Moreover, the DSDL formulation demonstrated greater anticancer activity against SK-BR-3 compared to MDA-MB-231 as compared to the SDL formulation, as evidenced by their IC-50 values. Furthermore, the cellular uptake of these SDL and DSDL formulations were also assessed on SK-BR-3 and MDA-MB-231 breast cancer cell lines. Cellular uptake results conclude that the DSDL formulation exhibited significantly higher cellular internalization potential compared to SDL formulations. The cellular internalization was further quantitatively assessed by measuring the mean fluorescence intensity (MFI). The MFI results, as evidenced from Figure 10b, demonstrate that dual decoration significantly enhanced cellular uptake in SK-BR-3 cells. Similar results were observed for MDA-MB-231 cells, as evidenced from Figure 11b. The MFI results clearly indicate that cellular uptake in single-functionalized liposomal formulations was significantly lower compared to dual-functionalized liposomes.
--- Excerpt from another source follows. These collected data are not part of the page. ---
lemma free_word_Cons [simp]: "free_word d (l # w) \<longleftrightarrow> fst l < d \<and> free_word d w"
  by (simp add: free_word_def)

lemma free_word_append [simp]: "free_word d (u @ v) \<longleftrightarrow> free_word d u \<and> free_word d v"
  by (auto simp: free_word_def)

lemma free_word_Nil [simp]: "free_word d []"
  by (simp add: free_word_def)

lemma free_word_mono: "free_word d w \<Longrightarrow> d \<le> d' \<Longrightarrow> free_word d' w"
  by (auto simp: free_word_def)

lemma free_word_shift: "free_word e w \<Longrightarrow> free_word (d + e) (shift_word d w)"
  by (auto simp: free_word_def shift_word_def)

lemma free_word_power_word: "free_word d w \<Longrightarrow> free_word (n * d) (power_word d w n)"
  by (induction n) (auto intro: free_word_mono free_word_shift)

context group
begin

lemma word_eval_Nil [simp]: "word_eval G g [] = \<one>"
  by (simp add: word_eval_def)

lemma word_eval_Cons [simp]: "word_eval G g (l # w) = letter_eval G g l \<otimes> word_eval G g w"
  by (simp add: word_eval_def)

lemma word_eval_closed:
  "free_word d w \<Longrightarrow> g \<in> {..<d} \<rightarrow> carrier G \<Longrightarrow> word_eval G g w \<in> carrier G"
  by (induction w) (auto simp: free_word_def letter_eval_def)

lemma word_eval_append:
  assumes "free_word d u" "free_word d v" "g \<in> {..<d} \<rightarrow> carrier G"
  shows "word_eval G g (u @ v) = word_eval G g u \<otimes> word_eval G g v"
  using assms(1)
proof (induction u)
  case (Cons l u)
  then have "letter_eval G g l \<in> carrier G"
    using assms(3) by (auto simp: free_word_def letter_eval_def)
  with Cons show ?case
    using word_eval_closed[OF _ assms(3)] assms(2) by (simp add: m_assoc)
qed (simp add: word_eval_closed[OF assms(2,3)])

lemma word_eval_cong:
  "free_word d w \<Longrightarrow> (\<And>i. i < d \<Longrightarrow> g i = h i) \<Longrightarrow> word_eval G g w = word_eval G h w"
  by (induction w) (auto simp: free_word_def letter_eval_def)

lemma word_eval_shift: "word_eval G g (shift_word d w) = word_eval G (\<lambda>i. g (i + d)) w"
  by (induction w) (auto simp: shift_word_def letter_eval_def)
Therefore, it may be concluded that iRGD and Trast DSDL may be important therapeutic tools for metastatic breast cancer cells.

Furthermore, the cell migration potentials of these developed SDL and DSDL formulations were evaluated on MDA-MB-231 cells using a wound-healing assay. The cell migration of SDL-treated, DSDL-treated, and control groups after 24 h was measured and represented as a wound-healing area ratio (%). The wound-healing assay results demonstrate that SDL and DSDL treatment significantly decreased the cell migration of MDA-MB-231 cells after 24 h compared to the control group. Additionally, the DSDL formulation exhibited a significantly lower cell migration of MDA-MB-231 cells compared to SDL formulations after 24 h. From the above results, it can be concluded that iRGD and Trast functionalization leads to better cytotoxic effects on SK-BR-3 and MDA-MB-231 cells and may be a promising candidate for HER2-positive metastatic breast cancer treatment.

6. Conclusions

GFB and LCH dual-drug loaded TPGS-COOH-based liposomes were successfully developed, optimized, and surface-functionalized with iRGD and Trast. The FTIR results confirm the successful activation of TPGS-COOH and decoration of iRGD and Trast on the surface of the liposomes. The in-vitro results demonstrate that the prepared liposomes were spherical and within the nanoscale range of 200 nm. FTIR and XRD data revealed the successful incorporation of GFB and LCH within DSDLs, surface functionalization, and the transition from semi-crystalline to amorphous nature. The biological compatibility and biosafety of SDLs and DSDLs were assessed via hemolytic analysis, showing no significant lysis in the SDL and DSDL-treated groups. Additionally, in-vitro cell line studies revealed significant cytotoxicity, cellular internalization, and reduction in cell migration in SK-BR-3 and MDA-MB-231 breast cancer cells. The overall findings suggest that dual-drug-enriched, dual-surface-modified, multifunctional liposomes may be a promising therapeutic strategy for the treatment of HER2-positive metastatic breast cancer.